Columbia-NLP/LION-Gemma-2b-dpo-v1.0
LION-Gemma-2b-dpo-v1.0 is a 2.5 billion parameter Gemma-based causal language model developed by Columbia-NLP. It is fine-tuned using the LION pipeline's empirically optimized SFT and DPO stages, demonstrating improved performance over official instruct models. This model excels in general language understanding and generation tasks, achieving competitive benchmark scores for its size.
Loading preview...
Model Overview
Columbia-NLP's LION-Gemma-2b-dpo-v1.0 is a 2.5 billion parameter language model built upon the Gemma-2b architecture. It is a product of the LION-series training pipeline, which emphasizes an empirically optimized three-stage process: Supervised Fine-Tuning (SFT), Direct Preference Optimization (DPO), and online preference learning (online DPO). This specific version is fine-tuned using SFT and DPO from the LION pipeline, building on the Columbia-NLP/LION-Gemma-2b-sft-v1.0 model.
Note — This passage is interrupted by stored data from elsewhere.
lemma vec_span_expansion:
  assumes "finite I" and "\<forall>v\<in>S. \<exists>c. \<forall>x\<in>Q. v x = (\<Sum>i\<in>I. c i * B i x)" and "u \<in> vec_span S"
  shows "\<exists>a. \<forall>x\<in>Q. u x = (\<Sum>i\<in>I. a i * B i x)"
proof -
  obtain F cf where F: "finite F" "F \<subseteq> S" and u: "u = (\<lambda>x. \<Sum>w\<in>F. cf w * w x)"
    using assms(3) unfolding vec_span_def by blast
  obtain cc where cc: "\<forall>v\<in>S. \<forall>x\<in>Q. v x = (\<Sum>i\<in>I. cc v i * B i x)"
    using bchoice[OF assms(2)] ..
  have "\<forall>x\<in>Q. u x = (\<Sum>i\<in>I. (\<Sum>w\<in>F. cf w * cc w i) * B i x)"
  proof
    fix x assume "x \<in> Q"
    then have "u x = (\<Sum>w\<in>F. cf w * (\<Sum>i\<in>I. cc w i * B i x))"
      unfolding u using cc F by (auto intro!: sum.cong)
    then show "u x = (\<Sum>i\<in>I. (\<Sum>w\<in>F. cf w * cc w i) * B i x)"
      by (simp add: sum_distrib_left sum_distrib_right sum.swap[where A = F] mult.assoc)
  qed
  then show ?thesis
    by (rule exI[where x = "\<lambda>i. \<Sum>w\<in>F. cf w * cc w i"])
qed

lemma subspace_dim_orthonormal_basis:
  assumes "subspace_dim n r U"
  obtains es where "length es \<le> r" "orthonormal_list n es" "\<forall>u\<in>U. \<exists>c. u = list_comb es c"
proof -
  obtain b where b: "\<forall>j<r. is_vec n (b j)" and U: "U = vec_span (b ` {..<r})"
    using assms unfolding subspace_dim_def by blast
  obtain es where len: "length es \<le> r" and on: "orthonormal_list n es"
    and span: "\<forall>v\<in>set (map b [0..<r]). \<exists>c. v = list_comb es c"
    using gram_schmidt[of "map b [0..<r]" n] b by auto
  have "\<exists>c. u = list_comb es c" if "u \<in> U" for u
  proof -
    have "\<forall>v\<in>b ` {..<r}. \<exists>c. \<forall>x\<in>UNIV. v x = (\<Sum>i<length es. c i * (es ! i) x)"
    proof
      fix v assume "v \<in> b ` {..<r}"
      then have "v \<in> set (map b [0..<r])"
        by auto
      then obtain c where "v = list_comb es c"
        using bspec[OF span] by blast
      then show "\<exists>c. \<forall>x\<in>UNIV. v x = (\<Sum>i<length es. c i * (es ! i) x)"
        by (auto simp: list_comb_def)
    qed
    from vec_span_expansion[OF _ this] that U obtain c
      where "\<forall>x\<in>UNIV. u x = (\<Sum>i<length es. c i * (es ! i) x)"
      by blast
    then show ?thesis
      unfolding list_comb_def by blast
  qed
  then show ?thesis
    using that len on by blast
qed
Key Capabilities & Performance
The LION pipeline incorporates techniques such as sequence packing and loss masking in SFT, and increasing preference dataset size in DPO, which collectively enhance model performance. Benchmarks indicate that LION-Gemma-2b-dpo-v1.0 achieves strong results for its size, outperforming the official Gemma-2b-it model and other 2B parameter models on metrics like Arena-Hard (4.6), AlpacaEval-2 (8.75), MT-Bench (6.58), and OpenLLM (55.35). This suggests a robust capability in instruction following and general conversational tasks.
Intended Uses
This model is suitable for a variety of natural language processing applications requiring a compact yet capable instruction-tuned model. Its optimized training process makes it a strong candidate for tasks where efficient and high-quality responses are needed. Developers can integrate it using standard Hugging Face transformers pipelines, ensuring reproducibility with the provided chat template for optimal performance.